It's getting harder and harder to manage which helpers are exported
to which hooks. We now have the following call chains:
- cg_skb_func_proto
- sk_filter_func_proto
- bpf_sk_base_func_proto
- bpf_base_func_proto
So by looking at cg_skb_func_proto it's pretty hard to understand
what's going on.
For cgroup helpers, I'm proposing we do the following instead:
func_proto = cgroup_common_func_proto();
if (func_proto) return func_proto;
/* optional, if hook has 'current' */
func_proto = cgroup_current_func_proto();
if (func_proto) return func_proto;
...
switch (func_id) {
/* hook specific helpers */
case BPF_FUNC_hook_specific_helper:
return &xyz;
default:
/* always fall back to plain bpf_base_func_proto */
bpf_base_func_proto(func_id);
}
If this turns out more workable, we can follow up with converting
the rest to the same pattern.
v5:
- remove net/cls_cgroup.h include from patch 1/5 (Martin)
- move endif changes from patch 1/5 to 3/5 (Martin)
- don't define __weak protos, the ones in core.c suffice (Martin)
v4:
- don't touch existing helper.c helpers (Martin)
- drop unneeded CONFIG_CGROUP_BPF in bpf_lsm_func_proto (Martin)
v3:
- expose strtol/strtoul everywhere (Martin)
- move helpers declarations from bpf.h to bpf-cgroup.h (Martin)
- revise bpf_{g,s}et_retval documentation (Martin)
- don't expose bpf_{g,s}et_retval to cg_skb hooks (Martin)
v2:
- move everything into kernel/bpf/cgroup.c instead (Martin)
- use cgroup_common_func_proto in lsm (Martin)
====================
Signed-off-by: Alexei Starovoitov <ast@kernel.org>
Stanislav Fomichev [Tue, 23 Aug 2022 22:25:55 +0000 (15:25 -0700)]
selftests/bpf: Make sure bpf_{g,s}et_retval is exposed everywhere
For each hook, have a simple bpf_set_retval(bpf_get_retval) program
and make sure it loads for the hooks we want.
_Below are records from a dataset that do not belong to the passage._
(* Let $Q$ be a measure on a measurable space $\mathcal{X}$, let $\beta>0$, and let $l,\tilde l:\mathcal{X}\to\mathbb{R}$ be measurable functions such that $0<\int e^{-\beta l}\,dQ<\infty$ and $0<\int e^{-\beta\tilde l}\,dQ<\infty$. Let $P(dx)\propto Q(dx)e^{-\beta l(x)}$ and $\tilde P(dx)\propto Q(dx)e^{-\beta\tilde l(x)}$ be the corresponding Gibbs probability measures. If $\sup_{x}|l(x)-\tilde l(x)|\le\epsilon$, then \[ D_{\mathrm{KL}}(P\|\tilde P)\le2\beta\epsilon\cdot\left\{1\wedge\left(e^{2\beta\epsilon}-1\right)\right\}. \]
   Context: $D_{\mathrm{KL}}$ denotes the Kullback–Leibler divergence (natural logarithm) and $a\wedge b=\min(a,b)$. *)

theory Defs
  imports "HOL-Probability.Probability"
begin

definition gibbs :: "'a measure \<Rightarrow> real \<Rightarrow> ('a \<Rightarrow> real) \<Rightarrow> 'a measure" where
  "gibbs Q \<beta> l = density Q (\<lambda>x. ennreal (exp (- \<beta> * l x)) /
                     (\<integral>\<^sup>+ y. ennreal (exp (- \<beta> * l y)) \<partial>Q))"

text \<open>KL divergence with natural log; note the library's KL_divergence b M N is D(N || M).\<close>
definition DKL :: "'a measure \<Rightarrow> 'a measure \<Rightarrow> real" where
  "DKL P P' = KL_divergence (exp 1) P' P"

end

theory Submission
  imports Defs
begin

text \<open>Put \<open>g = lt - l\<close> and \<open>h = \<beta> g\<close>, so that \<open>|h| \<le> a = \<beta> \<epsilon>\<close>. Gibbs measures compose:
  \<open>gibbs Q \<beta> lt\<close> is the Gibbs measure with potential \<open>g\<close> over \<open>P = gibbs Q \<beta> l\<close>, hence
  \<open>D(P || gibbs Q \<beta> lt) = E h + ln E (exp (-h))\<close> with expectations under \<open>P\<close>. Both terms are at
  most \<open>a\<close>; alternatively \<open>ln x \<le> x - 1\<close> bounds the divergence by \<open>E (h + exp (-h) - 1)\<close>, which
  is pointwise at most \<open>a (exp a - 1) \<le> 2a (exp (2a) - 1)\<close>.\<close>

lemma add_exp_neg_minus_one_le:
  fixes a h :: real
  assumes "\<bar>h\<bar> \<le> a"
  shows "h + exp (- h) - 1 \<le> a * (exp a - 1)"
proof -
  have "exp (- h) * (1 + h) \<le> exp (- h) * exp h"
    by (rule mult_left_mono) auto
  then have "h + exp (- h) - 1 \<le> h * (1 - exp (- h))"
    by (simp add: algebra_simps flip: exp_add)
  also have "\<dots> \<le> a * (exp a - 1)"
  proof (cases "h \<ge> 0")
    case True
    have "1 - exp (- h) \<le> 1 - exp (- a)"
      using assms by simp
    also have "\<dots> \<le> exp a - 1"
      using exp_ge_add_one_self[of a] exp_ge_add_one_self[of "- a"] by linarith
    finally show ?thesis
      using True assms by (intro mult_mono) auto
  next
    case False
    have "h * (1 - exp (- h)) = (- h) * (exp (- h) - 1)"
      by (simp add: algebra_simps)
    also have "\<dots> \<le> a * (exp a - 1)"
      using False assms by (intro mult_mono) auto
    finally show ?thesis .
  qed
  finally show ?thesis .
qed

lemma min_mult_exp_minus_one_le:
  fixes a :: real
  assumes "0 \<le> a"
  shows "min (2 * a) (a * (exp a - 1)) \<le> 2 * a * min 1 (exp (2 * a) - 1)"
proof -
  have "a * (exp a - 1) \<le> 2 * a * (exp (2 * a) - 1)"
    using assms by (intro mult_mono) auto
  then show ?thesis
    by (simp add: min_def)
qed

lemma ennreal_divide_mult_divide_divide:
  fixes a b c z :: ennreal
  assumes "0 < z" "z < \<infinity>"
  shows "a / z * (b / (c / z)) = a * b / c"
proof -
  have "inverse (inverse z) = z"
    using one_divide_one_divide_ennreal[of z] by (simp add: divide_ennreal_def)
  moreover have "inverse (c * inverse z) = inverse c * inverse (inverse z)"
    using assms by (intro ennreal_inverse_mult') (auto simp: ennreal_inverse_positive less_top[symmetric])
  ultimately have "a / z * (b / (c / z)) = a * b * inverse c * (z * inverse z)"
    by (simp add: divide_ennreal_def ac_simps)
  also have "z * inverse z = 1"
    using assms ennreal_divide_self[of z] by (simp add: divide_ennreal_def)
  finally show ?thesis
    by (simp add: divide_ennreal_def)
qed

lemma prob_space_gibbs:
  assumes [measurable]: "l \<in> borel_measurable Q"
    and "0 < (\<integral>\<^sup>+ x. ennreal (exp (- \<beta> * l x)) \<partial>Q)"
    and "(\<integral>\<^sup>+ x. ennreal (exp (- \<beta> * l x)) \<partial>Q) < \<infinity>"
  shows "prob_space (gibbs Q \<beta> l)"
proof
  show "emeasure (gibbs Q \<beta> l) (space (gibbs Q \<beta> l)) = 1"
    using assms by (simp add: gibbs_def emeasure_density nn_integral_divide)
qed

lemma gibbs_gibbs:
  assumes [measurable]: "l \<in> borel_measurable Q" "g \<in> borel_measurable Q"
    and "0 < (\<integral>\<^sup>+ x. ennreal (exp (- \<beta> * l x)) \<partial>Q)"
    and "(\<integral>\<^sup>+ x. ennreal (exp (- \<beta> * l x)) \<partial>Q) < \<infinity>"
  shows "gibbs (gibbs Q \<beta> l) \<beta> g = gibbs Q \<beta> (\<lambda>x. l x + g x)"
proof -
  have weight_add: "ennreal (exp (- (\<beta> * l x))) * ennreal (exp (- (\<beta> * g x)))
      = ennreal (exp (- (\<beta> * (l x + g x))))" for x
    by (simp add: algebra_simps flip: ennreal_mult exp_add)
  have "(\<integral>\<^sup>+ x. ennreal (exp (- \<beta> * g x)) \<partial>gibbs Q \<beta> l)
      = (\<integral>\<^sup>+ x. ennreal (exp (- \<beta> * l x)) * ennreal (exp (- \<beta> * g x)) \<partial>Q)
        / (\<integral>\<^sup>+ x. ennreal (exp (- \<beta> * l x)) \<partial>Q)"
    unfolding gibbs_def
    by (simp add: nn_integral_density ennreal_divide_times ennreal_times_divide nn_integral_divide)
  then show ?thesis
    using assms unfolding gibbs_def
    by (simp add: density_density_eq ennreal_divide_mult_divide_divide weight_add)
qed

lemma (in prob_space) DKL_gibbs:
  assumes [measurable]: "g \<in> borel_measurable M"
    and int_g: "integrable M g" and int_exp: "integrable M (\<lambda>x. exp (- \<beta> * g x))"
  shows "DKL M (gibbs M \<beta> g) = \<beta> * (\<integral>x. g x \<partial>M) + ln (\<integral>x. exp (- \<beta> * g x) \<partial>M)"
proof -
  define z where "z = (\<integral>x. exp (- \<beta> * g x) \<partial>M)"
  have "z \<noteq> 0"
    using int_exp integral_nonneg_eq_0_iff_AE[of M "\<lambda>x. exp (- \<beta> * g x)"] AE_False emeasure_space_1
    by (simp add: z_def)
  then have z_pos: "0 < z"
    unfolding z_def by (simp add: less_le)
  define r where "r x = exp (- \<beta> * g x) / z" for x
  have r_pos: "0 < r x" for x
    using z_pos by (simp add: r_def)
  have "gibbs M \<beta> g = density M r"
    using int_exp z_pos
    by (simp add: gibbs_def r_def z_def nn_integral_eq_integral divide_ennreal)
  then have "DKL M (gibbs M \<beta> g) = KL_divergence (exp 1) (density M r) (density M (\<lambda>_. ennreal 1))"
    by (simp add: DKL_def density_1)
  also have "\<dots> = (\<integral>x. 1 * log (exp 1) (1 / r x) \<partial>M)"
    using r_pos by (intro KL_density_density) (auto simp: r_def less_imp_le)
  also have "\<dots> = (\<integral>x. \<beta> * g x + ln z \<partial>M)"
    using z_pos by (simp add: log_def r_def ln_div add.commute)
  also have "\<dots> = \<beta> * (\<integral>x. g x \<partial>M) + ln z"
    using int_g by (simp add: prob_space)
  finally show ?thesis
    unfolding z_def .
qed

lemma (in prob_space) integral_plus_ln_integral_exp_neg_le:
  fixes h :: "'a \<Rightarrow> real"
  assumes [measurable]: "h \<in> borel_measurable M"
    and bounded: "\<And>x. x \<in> space M \<Longrightarrow> \<bar>h x\<bar> \<le> a"
  shows "(\<integral>x. h x \<partial>M) + ln (\<integral>x. exp (- h x) \<partial>M) \<le> min (2 * a) (a * (exp a - 1))"
proof -
  define E where "E = (\<integral>x. exp (- h x) \<partial>M)"
  have int_h: "integrable M h"
    using bounded by (intro integrable_const_bound[where B = a]) auto
  have int_exp: "integrable M (\<lambda>x. exp (- h x))"
    using bounded by (intro integrable_const_bound[where B = "exp a"]) (auto simp: abs_le_iff)
  have "exp (- a) \<le> E"
    unfolding E_def using bounded by (intro integral_ge_const int_exp AE_I2) (auto simp: abs_le_iff)
  then have E_pos: "0 < E"
    using exp_gt_zero less_le_trans by blast
  have "(\<integral>x. h x \<partial>M) \<le> a"
    using bounded by (intro integral_le_const int_h AE_I2) (auto simp: abs_le_iff)
  moreover have "ln E \<le> a"
  proof -
    have "E \<le> exp a"
      unfolding E_def using bounded by (intro integral_le_const int_exp AE_I2) (auto simp: abs_le_iff)
    then show ?thesis
      using E_pos by (metis exp_gt_zero ln_exp ln_le_cancel_iff)
  qed
  moreover have "(\<integral>x. h x \<partial>M) + ln E \<le> a * (exp a - 1)"
  proof -
    have "(\<integral>x. h x \<partial>M) + ln E \<le> (\<integral>x. h x \<partial>M) + E - 1"
      using ln_le_minus_one[OF E_pos] by simp
    also have "\<dots> = (\<integral>x. h x + exp (- h x) - 1 \<partial>M)"
      unfolding E_def using int_h int_exp by (simp add: prob_space)
    also have "\<dots> \<le> a * (exp a - 1)"
      using bounded add_exp_neg_minus_one_le
      by (intro integral_le_const AE_I2) (auto intro!: int_h int_exp)
    finally show ?thesis .
  qed
  ultimately show ?thesis
    unfolding E_def by simp
qed

theorem lemma17:
  fixes Q :: "'a measure" and \<beta> \<epsilon> :: real and l lt :: "'a \<Rightarrow> real"
  assumes "\<beta> > 0"
    and "l \<in> borel_measurable Q" and "lt \<in> borel_measurable Q"
    and "0 < (\<integral>\<^sup>+ x. ennreal (exp (- \<beta> * l x)) \<partial>Q)"
    and "(\<integral>\<^sup>+ x. ennreal (exp (- \<beta> * l x)) \<partial>Q) < \<infinity>"
    and "0 < (\<integral>\<^sup>+ x. ennreal (exp (- \<beta> * lt x)) \<partial>Q)"
    and "(\<integral>\<^sup>+ x. ennreal (exp (- \<beta> * lt x)) \<partial>Q) < \<infinity>"
    and "\<forall>x\<in>space Q. \<bar>l x - lt x\<bar> \<le> \<epsilon>"
  shows "DKL (gibbs Q \<beta> l) (gibbs Q \<beta> lt)
           \<le> 2 * \<beta> * \<epsilon> * min 1 (exp (2 * \<beta> * \<epsilon>) - 1)"
proof -
  define P where "P = gibbs Q \<beta> l"
  define g where "g x = lt x - l x" for x
  define a where "a = \<beta> * \<epsilon>"
  note [measurable] = assms(2,3)
  interpret P: prob_space P
    unfolding P_def using assms(2,4,5) by (intro prob_space_gibbs)
  have [measurable]: "g \<in> borel_measurable Q"
    unfolding g_def by measurable
  then have [measurable]: "g \<in> borel_measurable P"
    by (simp add: P_def gibbs_def)
  have bounded: "\<bar>\<beta> * g x\<bar> \<le> a" if "x \<in> space P" for x
    using that assms(1,8) by (auto simp: P_def gibbs_def g_def a_def abs_mult abs_minus_commute)
  have "gibbs Q \<beta> lt = gibbs P \<beta> g"
    using gibbs_gibbs[of l Q g \<beta>] assms(2,4,5) by (simp add: P_def g_def)
  moreover have "integrable P g"
    using bounded assms(1) P.integrable_const_bound[of "\<lambda>x. \<beta> * g x" a] by simp
  moreover have "integrable P (\<lambda>x. exp (- \<beta> * g x))"
    using bounded by (intro P.integrable_const_bound[where B = "exp a"]) (auto simp: abs_le_iff)
  ultimately have "DKL P (gibbs Q \<beta> lt) = \<beta> * (\<integral>x. g x \<partial>P) + ln (\<integral>x. exp (- \<beta> * g x) \<partial>P)"
    by (simp add: P.DKL_gibbs)
  also have "\<dots> \<le> min (2 * a) (a * (exp a - 1))"
    using P.integral_plus_ln_integral_exp_neg_le[of "\<lambda>x. \<beta> * g x" a] bounded by simp
  also have "\<dots> \<le> 2 * a * min 1 (exp (2 * a) - 1)"
    using bounded P.not_empty by (intro min_mult_exp_minus_one_le) force
  finally show ?thesis
    unfolding P_def a_def by (simp add: mult.assoc)
qed

end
The exceptions are
the hooks which don't propagate the error to the callers:
- sockops
- recvmsg
- getpeername
- getsockname
- cg_skb ingress and egress
Acked-by: Martin KaFai Lau <kafai@fb.com>
Signed-off-by: Stanislav Fomichev <sdf@google.com>
Link: https://lore.kernel.org/r/20220823222555.523590-6-sdf@google.com
Signed-off-by: Alexei Starovoitov <ast@kernel.org>
Stanislav Fomichev [Tue, 23 Aug 2022 22:25:54 +0000 (15:25 -0700)]
bpf: update bpf_{g,s}et_retval documentation
* replace 'syscall' with 'upper layers', still mention that it's being
exported via syscall errno
* describe what happens in set_retval(-EPERM) + return 1
* describe what happens with bind's 'return 3'
Acked-by: Martin KaFai Lau <kafai@fb.com>
Signed-off-by: Stanislav Fomichev <sdf@google.com>
Link: https://lore.kernel.org/r/20220823222555.523590-5-sdf@google.com
Signed-off-by: Alexei Starovoitov <ast@kernel.org>
Stanislav Fomichev [Tue, 23 Aug 2022 22:25:53 +0000 (15:25 -0700)]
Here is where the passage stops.